В тот день мы немного посидели, поздравили батюшку и разъехались. Отцы народ занятой, кому завтра служить, и надо готовиться, кому ещё на требы ехать.
Утром в доме все уже встали, пора идти завтракать, а молодой человек всё не выходит. К нему заглядывают, а он ещё спит. Наконец, батюшка посылает его разбудить, в комнату заходят, а тот уже холодный.
Вот как такое может быть, а бать? Вот ты мне скажи, не пил человек, никогда не курил, не говоря уже о чём-то запретном, и умер, сердечная недостаточность. С чего бы это такая недостаточность? Он что, на вокзале по ночам вагоны разгружал?! На здоровье не жаловался, и к врачам никогда не обращался.
Трагедия, бать! Для нас, кто вчера ещё видел этого парнишку живым и здоровым, трагедия, а что говорить об отце? А он точно ума лишился. Встал перед иконами и кричит:
- За что?! Скажи мне, за что?! Я всю жизнь Тебе служил, всего себя отдавал без остатка, а Ты меня вот так, беспощадно. Зачем мне теперь жить?!
Схватил телефон, звонит духовнику, потом владыке. И всё один и тот же вопрос:
- За что?! Объясните мне, что я делал не так, за что Он так со мною?
И думаю, не дай Бог оказаться на его месте. Вот так коснётся, и сам не знаешь что закричишь.
На самом деле, бать, мы можем понять и допустить, если Бог вразумляет человека от Него далёкого, но когда начинает страдать кто-то из верующих, то этот факт никак не укладывается у нас в головах. Зачем ведь мы и так Его?
Вчера мы молились на могиле моего друга, ему как раз было девять дней. Я не скажу чтобы он был очень верующим. Скорее наоборот. Но человек любил свою жену, и любил всю жизнь, ещё со школы. Когда она заболела, внезапно и тяжело, врач что вела её в областной больнице, сказала:
- Мы сделали всё что могли, остальное в руках Божиих. Если хочешь жить, иди в церковь.
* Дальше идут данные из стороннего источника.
(* Assume $b_1<n^*$ and $b_2<m^*$. (i) For every minimal set cover $S'\subseteq\mathcal V$, $$\max_{\sigma^1\in\Delta(\mathcal A_1):\ \text{node basis of }\sigma^1\subseteq S'}\ \min_{T\in\mathcal A_2}\bigl(-U_2(\sigma^1,T)\bigr)=b_2\Bigl(\frac{b_1}{|S'|}-1\Bigr),$$ and the maximum is attained by $\sigma^1(S',b_1)$. (ii) For every set packing $T'\subseteq\mathcal E$ with $|T'|\ge b_2$, $$\max_{\sigma^2\in\Delta(\mathcal A_2):\ \text{component basis of }\sigma^2\subseteq T'}\ \min_{S\in\mathcal A_1}U_2(S,\sigma^2)=\max\Bigl\{0,\ b_2\Bigl(1-\frac{b_1}{|T'|}\Bigr)\Bigr\},$$ and the maximum is attained by $\sigma^2(T',b_2)$.
   Context: Detection model: finite nonempty sets $\mathcal V$ (nodes), $\mathcal E$ (components), monitoring sets $\mathcal C_i\subseteq\mathcal E$ for $i\in\mathcal V$ with every $e\in\mathcal E$ in some $\mathcal C_i$; $\mathcal C_S=\bigcup_{i\in S}\mathcal C_i$; $F(S,T)=|\mathcal C_S\cap T|$. A set cover is $S\subseteq\mathcal V$ with $\mathcal C_S=\mathcal E$; it is minimal if no proper subset is a set cover; $n^*$ is the minimum size of a set cover. A set packing is $T\subseteq\mathcal E$ with $|\mathcal C_i\cap T|\le1$ for all $i$; $m^*$ is the maximum size of a set packing. Game $\Gamma(b_1,b_2)$ for positive integers $b_1,b_2$: $\mathcal A_1=\{S\subseteq\mathcal V:|S|\le b_1\}$, $\mathcal A_2=\{T\subseteq\mathcal E:|T|\le b_2\}$, mixed strategies $\sigma^1\in\Delta(\mathcal A_1)$, $\sigma^2\in\Delta(\mathcal A_2)$ drawn independently; $U_1(\sigma^1,\sigma^2)=\mathbb E[F(S,T)]$, $U_2(\sigma^1,\sigma^2)=\mathbb E[|T|]-\mathbb E[F(S,T)]$ with $S\sim\sigma^1$, $T\sim\sigma^2$; pure actions are identified with point masses. Node basis of $\sigma^1$: $\{i:\mathbb P_{\sigma^1}(i\in S)>0\}$; component basis of $\sigma^2$: $\{e:\mathbb P_{\sigma^2}(e\in T)>0\}$. Cyclic strategies: for $S=\{i_1,\dots,i_n\}$ (fixed enumeration) with $n\ge b_1$, $S^k=\{i_k,\dots,i_{k+b_1-1}\}$ with indices cyclic mod $n$, $k=1,\dots,n$, and $\sigma^1(S,b_1)$ puts probability $1/n$ on each $S^k$; analogously for $T=\{e_1,\dots,e_m\}$ with $m\ge b_2$, $T^l=\{e_l,\dots,e_{l+b_2-1}\}$ cyclically and $\sigma^2(T,b_2)$ puts probability $1/m$ on each $T^l$. *)

theory Defs
  imports "HOL-Probability.Probability"
begin

text \<open>Detection model: nodes V, components E, monitoring sets C i.\<close>

definition model :: "'v set \<Rightarrow> 'e set \<Rightarrow> ('v \<Rightarrow> 'e set) \<Rightarrow> bool" where
  "model V E C \<longleftrightarrow> finite V \<and> finite E \<and> V \<noteq> {} \<and> E \<noteq> {}
     \<and> (\<forall>i\<in>V. C i \<subseteq> E) \<and> (\<forall>e\<in>E. \<exists>i\<in>V. e \<in> C i)"

definition CS :: "('v \<Rightarrow> 'e set) \<Rightarrow> 'v set \<Rightarrow> 'e set" where
  "CS C S = (\<Union>i\<in>S. C i)"

definition FF :: "('v \<Rightarrow> 'e set) \<Rightarrow> 'v set \<Rightarrow> 'e set \<Rightarrow> nat" where
  "FF C S T = card (CS C S \<inter> T)"

definition set_cover :: "'v set \<Rightarrow> 'e set \<Rightarrow> ('v \<Rightarrow> 'e set) \<Rightarrow> 'v set \<Rightarrow> bool" where
  "set_cover V E C S \<longleftrightarrow> S \<subseteq> V \<and> CS C S = E"

definition minimal_set_cover :: "'v set \<Rightarrow> 'e set \<Rightarrow> ('v \<Rightarrow> 'e set) \<Rightarrow> 'v set \<Rightarrow> bool" where
  "minimal_set_cover V E C S \<longleftrightarrow> set_cover V E C S \<and> (\<forall>S'. S' \<subset> S \<longrightarrow> \<not> set_cover V E C S')"

definition n_star :: "'v set \<Rightarrow> 'e set \<Rightarrow> ('v \<Rightarrow> 'e set) \<Rightarrow> nat" where
  "n_star V E C = Min (card ` {S. set_cover V E C S})"

definition set_packing :: "'v set \<Rightarrow> 'e set \<Rightarrow> ('v \<Rightarrow> 'e set) \<Rightarrow> 'e set \<Rightarrow> bool" where
  "set_packing V E C T \<longleftrightarrow> T \<subseteq> E \<and> (\<forall>i\<in>V. card (C i \<inter> T) \<le> 1)"

definition m_star :: "'v set \<Rightarrow> 'e set \<Rightarrow> ('v \<Rightarrow> 'e set) \<Rightarrow> nat" where
  "m_star V E C = Max (card ` {T. set_packing V E C T})"

definition A1 :: "'v set \<Rightarrow> nat \<Rightarrow> 'v set set" where
  "A1 V b1 = {S. S \<subseteq> V \<and> card S \<le> b1}"

definition A2 :: "'e set \<Rightarrow> nat \<Rightarrow> 'e set set" where
  "A2 E b2 = {T. T \<subseteq> E \<and> card T \<le> b2}"

definition mixed :: "'a set set \<Rightarrow> 'a set pmf \<Rightarrow> bool" where
  "mixed A \<sigma> \<longleftrightarrow> set_pmf \<sigma> \<subseteq> A"

definition U1 :: "('v \<Rightarrow> 'e set) \<Rightarrow> 'v set pmf \<Rightarrow> 'e set pmf \<Rightarrow> real" where
  "U1 C \<sigma>1 \<sigma>2 = measure_pmf.expectation (pair_pmf \<sigma>1 \<sigma>2) (\<lambda>(S,T). real (FF C S T))"

definition U2 :: "('v \<Rightarrow> 'e set) \<Rightarrow> 'v set pmf \<Rightarrow> 'e set pmf \<Rightarrow> real" where
  "U2 C \<sigma>1 \<sigma>2 = measure_pmf.expectation \<sigma>2 (\<lambda>T. real (card T))
                 - measure_pmf.expectation (pair_pmf \<sigma>1 \<sigma>2) (\<lambda>(S,T). real (FF C S T))"

definition basis :: "'a set pmf \<Rightarrow> 'a set" where
  "basis \<sigma> = {x. measure_pmf.prob \<sigma> {S. x \<in> S} > 0}"

definition cyclic :: "'a list \<Rightarrow> nat \<Rightarrow> 'a set pmf" where
  "cyclic xs b = map_pmf (\<lambda>k. {xs ! ((k + j) mod length xs) | j. j < b})
                         (pmf_of_set {0..<length xs})"

end

theory Submission imports Defs begin

text \<open>
  (i) A node strategy supported on a minimal cover \<open>S'\<close> inspects each node \<open>i\<close> of \<open>S'\<close> with
  probability \<open>q i\<close>, where \<open>\<Sum>q \<le> b\<^sub>1\<close>. Every node of \<open>S'\<close> owns a private component monitored by
  no other node of \<open>S'\<close>; attacking the private components of the \<open>b\<^sub>2\<close> nodes with the smallest
  \<open>q\<close> gets detected with expected count at most \<open>b\<^sub>2 b\<^sub>1 / |S'|\<close>. Conversely, under the cyclic
  strategy every node of \<open>S'\<close> is inspected with probability exactly \<open>b\<^sub>1 / |S'|\<close>, and every
  component is monitored by some node of \<open>S'\<close>.

  (ii) Dually, every node monitors at most one component of a packing \<open>T'\<close>, so \<open>b\<^sub>1\<close> nodes
  detect at most \<open>b\<^sub>1\<close> of its components; against a strategy supported on \<open>T'\<close> the
  defender covers the \<open>b\<^sub>1\<close> most frequently attacked ones (or all of \<open>T'\<close> if \<open>|T'| \<le> b\<^sub>1\<close>),
  and against the cyclic strategy each component is attacked with probability \<open>b\<^sub>2 / |T'|\<close>.

  Both averaging arguments rest on the fact that every element of a list of length \<open>n\<close> lies in
  exactly \<open>b\<close> of the \<open>n\<close> cyclic windows of length \<open>b\<close>.
\<close>

lemma expectation_finite_support:
  fixes f :: "'a \<Rightarrow> real"
  assumes "finite (set_pmf p)"
  shows "measure_pmf.expectation p f = (\<Sum>a\<in>set_pmf p. pmf p a * f a)"
  using integral_measure_pmf[OF assms, of p f] by auto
Та поверила врачу и пришла к Богу. И не просто пришла, а стала по-настоящему человеком верующим. Её, ещё не оправившуюся после болезни, выбрали у нас старостой восстанавливающегося храма. Теперь вся её жизнь проходила в его стенах.
А дела домашние, то, чем обычно занимается женщина в семье, теперь легли на его плечи. Мой друг понимал, что запрети он жене ходить в храм, та погибнет, но он её любил и смирялся.
Несколько лет назад он узнал уже о собственной болезни. Ему сделали операцию, потом провели целый курс химеотерапии, но в церковь по-настоящему не пришёл. Нет, конечно, иногда он даже причащался, но всё это только благодаря жене.
Болезнь отступила, но не на долго. Прошло два года, и всё началось по-новому.
Помню, она подошла ко мне:
- Что делать, батюшка?
- Что делать? Читай ему Евангелие.
- А что, помогает?
- Ещё как.
Мне одна верующая рассказывала. Давно это было, ещё в начале девяностых. Её мужу сделали операцию, а шансов на то, что он выживет не дали никаких.
- Мне так и сказали, «один процент из ста». Я в то время от веры была совсем далека, а мужа любила и очень не хотела, чтобы он у меня умирал. Только что я могла, бегать по больничным коридорам и давиться слезами?
Тогда мне и посоветовали обратится к одному старенькому батюшке, его храм стоит рядом с больницей. Он меня выслушал и говорит: «Садись рядом с ним и читай. Евангелие читай и Псалтирь. Твоё дело молиться, а жить ему или нет, решать не нам».
Их храма я уходила с надеждой, купила Библию и только потом подумала, а кто меня к нему пустит, в реанимацию-то? Пошла к заведующему отделением, рассказала, что хочу ухаживать за мужем и что получила от здешнего батюшки благословение читать ему Евангелие. К моему удивлению, меня тут же пустили в реанимацию. Скажу больше, читая Священное Писание, я провела там целых три месяца. Мой муж выписался из больницы и прожил ещё десять лет.
Долгое время для меня оставалось загадкой, как врачи терпят моё постоянное присутствие в реанимации, а спросить боялась. Вдруг скажут, а действительно, что-то ты у нас здесь задержалась, и прогонят. Спросила когда уже выписывались.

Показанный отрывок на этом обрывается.